**Study material**
BEGIN

(* Let $\mathcal A$ be a finite set, let $R:\mathcal A\to\mathbb R$ and $\hat R_t:\mathcal A\to\mathbb R$ be arbitrary functions, let $a^*\in\mathcal A$ maximize $R$, and let $\gamma_t>0$. Define $\Delta(a)=R(a^* )-R(a)$ and $\hat\Delta_t(a)=\hat R_t(a^* )-\hat R_t(a)$, and for a distribution $\rho$ on $\mathcal A$, $\Delta(\rho)=\sum_a\rho(a)\Delta(a)$, $\hat\Delta_t(\rho)=\sum_a\rho(a)\hat\Delta_t(a)$. Let $$\mu_t^{exp}(a)=\frac{e^{\gamma_tR(a)}}{\sum_{a'}e^{\gamma_tR(a')}},\qquad\rho_t^{exp}(a)=\frac{e^{\gamma_t\hat R_t(a)}}{\sum_{a'}e^{\gamma_t\hat R_t(a')}}.$$ Then $$KL(\rho_t^{exp}\|\mu_t^{exp})\le\gamma_t\Big(\big[\Delta(\rho_t^{exp})-\hat\Delta_t(\rho_t^{exp})\big]+\big[\hat\Delta_t(\mu_t^{exp})-\Delta(\mu_t^{exp})\big]\Big).$$
   Context: $KL(\rho\|\mu)=\sum_a\rho(a)\ln\frac{\rho(a)}{\mu(a)}$ is the Kullback–Leibler divergence. In the paper $R(a)$ is the expected reward of arm $a$ and $\hat R_t(a)$ an importance-weighted empirical estimate, but the inequality holds for arbitrary real values. *)

theory Defs
  imports Complex_Main
begin

definition KL :: "'a set \<Rightarrow> ('a \<Rightarrow> real) \<Rightarrow> ('a \<Rightarrow> real) \<Rightarrow> real" where
  "KL A rho mu = (\<Sum>a\<in>A. rho a * ln (rho a / mu a))"

definition softmax :: "'a set \<Rightarrow> real \<Rightarrow> ('a \<Rightarrow> real) \<Rightarrow> 'a \<Rightarrow> real" where
  "softmax A g R a = exp (g * R a) / (\<Sum>a'\<in>A. exp (g * R a'))"

definition gap :: "('a \<Rightarrow> real) \<Rightarrow> 'a \<Rightarrow> 'a \<Rightarrow> real" where
  "gap R astar a = R astar - R a"

definition avg_gap :: "'a set \<Rightarrow> ('a \<Rightarrow> real) \<Rightarrow> 'a \<Rightarrow> ('a \<Rightarrow> real) \<Rightarrow> real" where
  "avg_gap A R astar rho = (\<Sum>a\<in>A. rho a * gap R astar a)"

end

theory Submission
  imports Defs
begin

text \<open>Writing \<open>\<rho>\<close> and \<open>\<mu>\<close> for the two softmax distributions, the normalising constants
  cancel in the symmetrised divergence: \<open>KL(\<rho>\<parallel>\<mu>) + KL(\<mu>\<parallel>\<rho>) = \<gamma> \<Sum>\<^sub>a (\<rho> a - \<mu> a) (R\<^sub>t a - R a)\<close>,
  and the right-hand side of the theorem is exactly this quantity, because the terms
  involving the reference arm cancel between two probability distributions.
  Gibbs' inequality \<open>KL(\<mu>\<parallel>\<rho>) \<ge> 0\<close> then gives the bound.\<close>

lemma KL_ge_sum_diff:
  assumes "\<And>a. a \<in> A \<Longrightarrow> p a \<ge> 0" "\<And>a. a \<in> A \<Longrightarrow> q a > 0"
  shows "KL A p q \<ge> sum p A - sum q A"
proof -
  have "p a - q a \<le> p a * ln (p a / q a)" if "a \<in> A" for a
  proof (cases "p a = 0")
    case False
    then have "p a > 0" using assms(1) that by force
    have "ln (q a / p a) \<le> q a / p a - 1"
      using \<open>p a > 0\<close> assms(2) that by (intro ln_le_minus_one) auto
    then have "p a * ln (q a / p a) \<le> q a - p a"
      using \<open>p a > 0\<close> by (simp add: field_simps mult_left_mono)
    moreover have "ln (q a / p a) = - ln (p a / q a)"
      using \<open>p a > 0\<close> assms(2) that by (simp add: ln_div)
    ultimately show ?thesis by simp
  qed (use assms(2) that in force)
  then show ?thesis
    unfolding KL_def sum_subtractf[symmetric] by (rule sum_mono)
qed

corollary KL_nonneg:
  assumes "\<And>a. a \<in> A \<Longrightarrow> p a \<ge> 0" "\<And>a. a \<in> A \<Longrightarrow> q a > 0" "sum p A = sum q A"
  shows "KL A p q \<ge> 0"
  using KL_ge_sum_diff[of A p q] assms by simp

lemma softmax_pos:
  assumes "finite A" "A \<noteq> {}"
  shows "softmax A g f a > 0"
  unfolding softmax_def using assms by (intro divide_pos_pos sum_pos) auto

lemma sum_softmax:
  assumes "finite A" "A \<noteq> {}"
  shows "(\<Sum>a\<in>A. softmax A g f a) = 1"
proof -
  have "(\<Sum>a\<in>A. exp (g * f a)) > 0"
    using assms by (intro sum_pos) auto
  then show ?thesis
    unfolding softmax_def sum_divide_distrib[symmetric] by simp
qed

lemma ln_softmax_ratio:
  assumes "finite A" "A \<noteq> {}"
  shows "ln (softmax A g f a / softmax A g h a)
    = g * (f a - h a) + (ln (\<Sum>b\<in>A. exp (g * h b)) - ln (\<Sum>b\<in>A. exp (g * f b)))"
proof -
  have Zf: "(\<Sum>b\<in>A. exp (g * f b)) > 0" and Zh: "(\<Sum>b\<in>A. exp (g * h b)) > 0"
    using assms by (auto intro: sum_pos)
  have "softmax A g f a / softmax A g h a
      = exp (g * (f a - h a)) * ((\<Sum>b\<in>A. exp (g * h b)) / (\<Sum>b\<in>A. exp (g * f b)))"
    using Zf Zh by (simp add: softmax_def exp_diff right_diff_distrib field_simps)
  then show ?thesis
    using Zf Zh by (simp add: ln_mult ln_div)
qed

lemma KL_of_log_affine_ratio:
  assumes "\<And>a. a \<in> A \<Longrightarrow> ln (p a / q a) = d a + c" "sum p A = 1"
  shows "KL A p q = (\<Sum>a\<in>A. p a * d a) + c"
proof -
  have "KL A p q = (\<Sum>a\<in>A. p a * d a + p a * c)"
    unfolding KL_def by (intro sum.cong) (simp_all add: assms(1) distrib_left)
  also have "\<dots> = (\<Sum>a\<in>A. p a * d a) + c"
    by (simp add: sum.distrib sum_distrib_right[symmetric] assms(2))
  finally show ?thesis .
qed

lemma KL_softmax_symmetric:
  assumes "finite A" "A \<noteq> {}"
  shows "KL A (softmax A g f) (softmax A g h) + KL A (softmax A g h) (softmax A g f)
    = g * (\<Sum>a\<in>A. (softmax A g f a - softmax A g h a) * (f a - h a))"
proof -
  define c where "c = ln (\<Sum>b\<in>A. exp (g * h b)) - ln (\<Sum>b\<in>A. exp (g * f b))"
  have "KL A (softmax A g f) (softmax A g h) = (\<Sum>a\<in>A. softmax A g f a * (g * (f a - h a))) + c"
    using assms by (intro KL_of_log_affine_ratio) (simp_all add: ln_softmax_ratio sum_softmax c_def)
  moreover have "KL A (softmax A g h) (softmax A g f)
      = (\<Sum>a\<in>A. softmax A g h a * (g * (h a - f a))) + - c"
    using assms by (intro KL_of_log_affine_ratio) (simp_all add: ln_softmax_ratio sum_softmax c_def)
  ultimately show ?thesis
    by (simp add: sum_distrib_left sum_subtractf sum.distrib algebra_simps)
qed

lemma avg_gap_diff:
  "avg_gap A R astar p - avg_gap A S astar p
    = (R astar - S astar) * sum p A + (\<Sum>a\<in>A. p a * (S a - R a))"
  by (simp add: avg_gap_def gap_def sum_subtractf sum_distrib_left sum_distrib_right algebra_simps)

theorem lemma5:
  fixes A :: "'a set" and R Rhat :: "'a \<Rightarrow> real" and astar :: 'a and \<gamma> :: real
  assumes "finite A"
    and "astar \<in> A"
    and "\<forall>a\<in>A. R a \<le> R astar"
    and "\<gamma> > 0"
  shows "KL A (softmax A \<gamma> Rhat) (softmax A \<gamma> R)
    \<le> \<gamma> * ((avg_gap A R astar (softmax A \<gamma> Rhat) - avg_gap A Rhat astar (softmax A \<gamma> Rhat))
          + (avg_gap A Rhat astar (softmax A \<gamma> R) - avg_gap A R astar (softmax A \<gamma> R)))"
proof -
  define \<rho> where "\<rho> = softmax A \<gamma> Rhat"
  define \<mu> where "\<mu> = softmax A \<gamma> R"
  have A: "finite A" "A \<noteq> {}" using assms(1,2) by auto
  have sums: "sum \<rho> A = 1" "sum \<mu> A = 1"
    using sum_softmax[OF A] by (simp_all add: \<rho>_def \<mu>_def)
  have "\<gamma> * ((avg_gap A R astar \<rho> - avg_gap A Rhat astar \<rho>)
          + (avg_gap A Rhat astar \<mu> - avg_gap A R astar \<mu>))
      = \<gamma> * (\<Sum>a\<in>A. (\<rho> a - \<mu> a) * (Rhat a - R a))"
    by (simp add: avg_gap_diff sums sum_subtractf sum.distrib algebra_simps)
  also have "\<dots> = KL A \<rho> \<mu> + KL A \<mu> \<rho>"
    unfolding \<rho>_def \<mu>_def by (rule KL_softmax_symmetric[OF A, symmetric])
  also have "\<dots> \<ge> KL A \<rho> \<mu>"
    using KL_nonneg[of A \<mu> \<rho>] softmax_pos[OF A] sums
    by (simp add: \<rho>_def \<mu>_def less_imp_le)
  finally show ?thesis unfolding \<rho>_def \<mu>_def .
qed

end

END

**What you are asked to do**
In your answer, include only the lines above starting at the line that holds "imports Defs" and ending at the line that holds "cancel in the", copied exactly.

**Problem solution**
  imports Defs
begin

text \<open>Writing \<open>\<rho>\<close> and \<open>\<mu>\<close> for the two softmax distributions, the normalising constants
  cancel in the symmetrised divergence: \<open>KL(\<rho>\<parallel>\<mu>) + KL(\<mu>\<parallel>\<rho>) = \<gamma> \<Sum>\<^sub>a (\<rho> a - \<mu> a) (R\<^sub>t a - R a)\<close>,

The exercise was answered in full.